14. Last time I was in Seattle, it seemed like there were gluten-free signs everywhere I went. Now I’m realizing how lame New York City is by comparison. Two questions — why is Seattle so awesome, and should I just move there already?

15. What’s up with how expensive granola is and how some brands that have no wheat listed in the ingredients aren’t promoting themselves as gluten-free? I kind of get it, but I kind of don’t. Some oats are gluten-free and some are not? I used to eat cereal every day for breakfast, so I’ve got to figure out the granola thing because I need something yummy like that to get me going in the morning.

16. Most packaged gluten-free cookies are a little gross. No question.

17. Can a whole bunch of my coolest foodie friends go gluten-free too so we can do some awesome food crawls together? Please!

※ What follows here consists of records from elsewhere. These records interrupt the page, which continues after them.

theorem theorem3p8:
  fixes X :: "'a topology" and Y :: "'b topology" and K :: "'k set"
  assumes "Hausdorff_space X" and "Hausdorff_space Y"
    and "countably_compact_space X" and "\<not> compact_space X"
    and "linear_Lindelof_number_is X K" and "uncountable K"
    and "aleph0_K_compact Y K" and "C_closed Y"
  shows "((\<forall>f. continuous_map X Y f \<longrightarrow>
            compactin Y (f ` topspace X) \<and>
            (\<exists>c \<in> topspace Y. \<not> Lindelof_in X {x \<in> topspace X. f x = c})))
         \<and> (IC X \<and> G_delta_points Y \<longrightarrow> EC X Y)
         \<and> (I0 X \<and> Tychonoff_space Y \<and> G_delta_points Y \<longrightarrow> EC X Y)"
proof -
  have LL: "linear_Lindelof_bound X K"
    using assms(5) by (simp add: linear_Lindelof_number_is_def)
  have Y_t1: "t1_space Y"
    using assms(2) by (rule Hausdorff_imp_t1_space)
  have image: "compactin Y (f ` topspace X)" if f: "continuous_map X Y f" for f
    using compactin_image_linear_Lindelof[OF assms(3) LL assms(7,8) f] .
  have fibre: "\<exists>c\<in>topspace Y. \<not> Lindelof_in X {x \<in> topspace X. f x = c}"
    if f: "continuous_map X Y f" for f
    using non_Lindelof_fibre[OF assms(3,4) Y_t1 assms(8) f image[OF f]] .
  have "EC X Y" if "IC X" "G_delta_points Y"
    using EC_if_IC[OF that(1) Y_t1 that(2) fibre] .
  moreover have "EC X Y" if "I0 X" "Tychonoff_space Y" "G_delta_points Y"
    using EC_if_I0[OF that fibre] .
  ultimately show ?thesis
    using image fibre by blast
qed

end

18. From a gluten-free perspective, how awesome is Vietnamese food? Indian food is looking good too.

19. Is it true that some people who are lactose intolerant who then eliminate gluten from their diets can eventually go back to eating dairy, because I’ve been unable to have more than a taste of ice cream or cheese for the past few years without feeling pretty sick. And forget about milk, milk shakes, hot cocoa, etc. — those kill me. I used to love cheese and ice cream, so I’d be totally cool having them back in my life.

20. How often do you have to explain to people that rice and potatoes don’t have gluten in them?

64 thoughts on “time for a change — going gluten-free

  1. Wonderful to hear how much better you feel now! I’d be down for a GF food crawl, but you’ll have to forgive me if I forget what is and isn’t GF. Your post inspires me to go back to primarily raw food again. When I ate raw I felt amazing, full of energy, and my tastebuds were heightened. I appreciated the sweetness of a carrot, the way I savor a fluffy cream puff.

  2. Congratulations on this big step! That is awesome that you’ve noticed an improvement already. I loved this post and I’d probably be asking a lot of the same questions if I were in your shoes. Cookies, soy-sauce, granola, these things are important!

    All the best for the culinary adventures ahead…

  3. Justin – so glad you’re feeling better. I’ve thought about it myself.. or maybe just trying going gf for a week and seeing how it affects me. Hope you continue to feel better. Also, love that refer to your mixer as a “she”. Mine’s called “Animal” in honor of the Muppet.

  4. I generally feel better if I minimize my starch intake including gluten free things like rice and potatoes. The problem with all those gluten laden things like cookies, cakes and bread is that they are eye candy and although you don’t really have to eat them, you want to eat them. Then you eat one too many and then you get sick. Sometimes it’s just easier if you don’t eat any, because once you’ve had one really good chocolate chip cookie, it’s hard not to eat another…and another…and another!
    I hope you continue to feel good and make the right choices for your body!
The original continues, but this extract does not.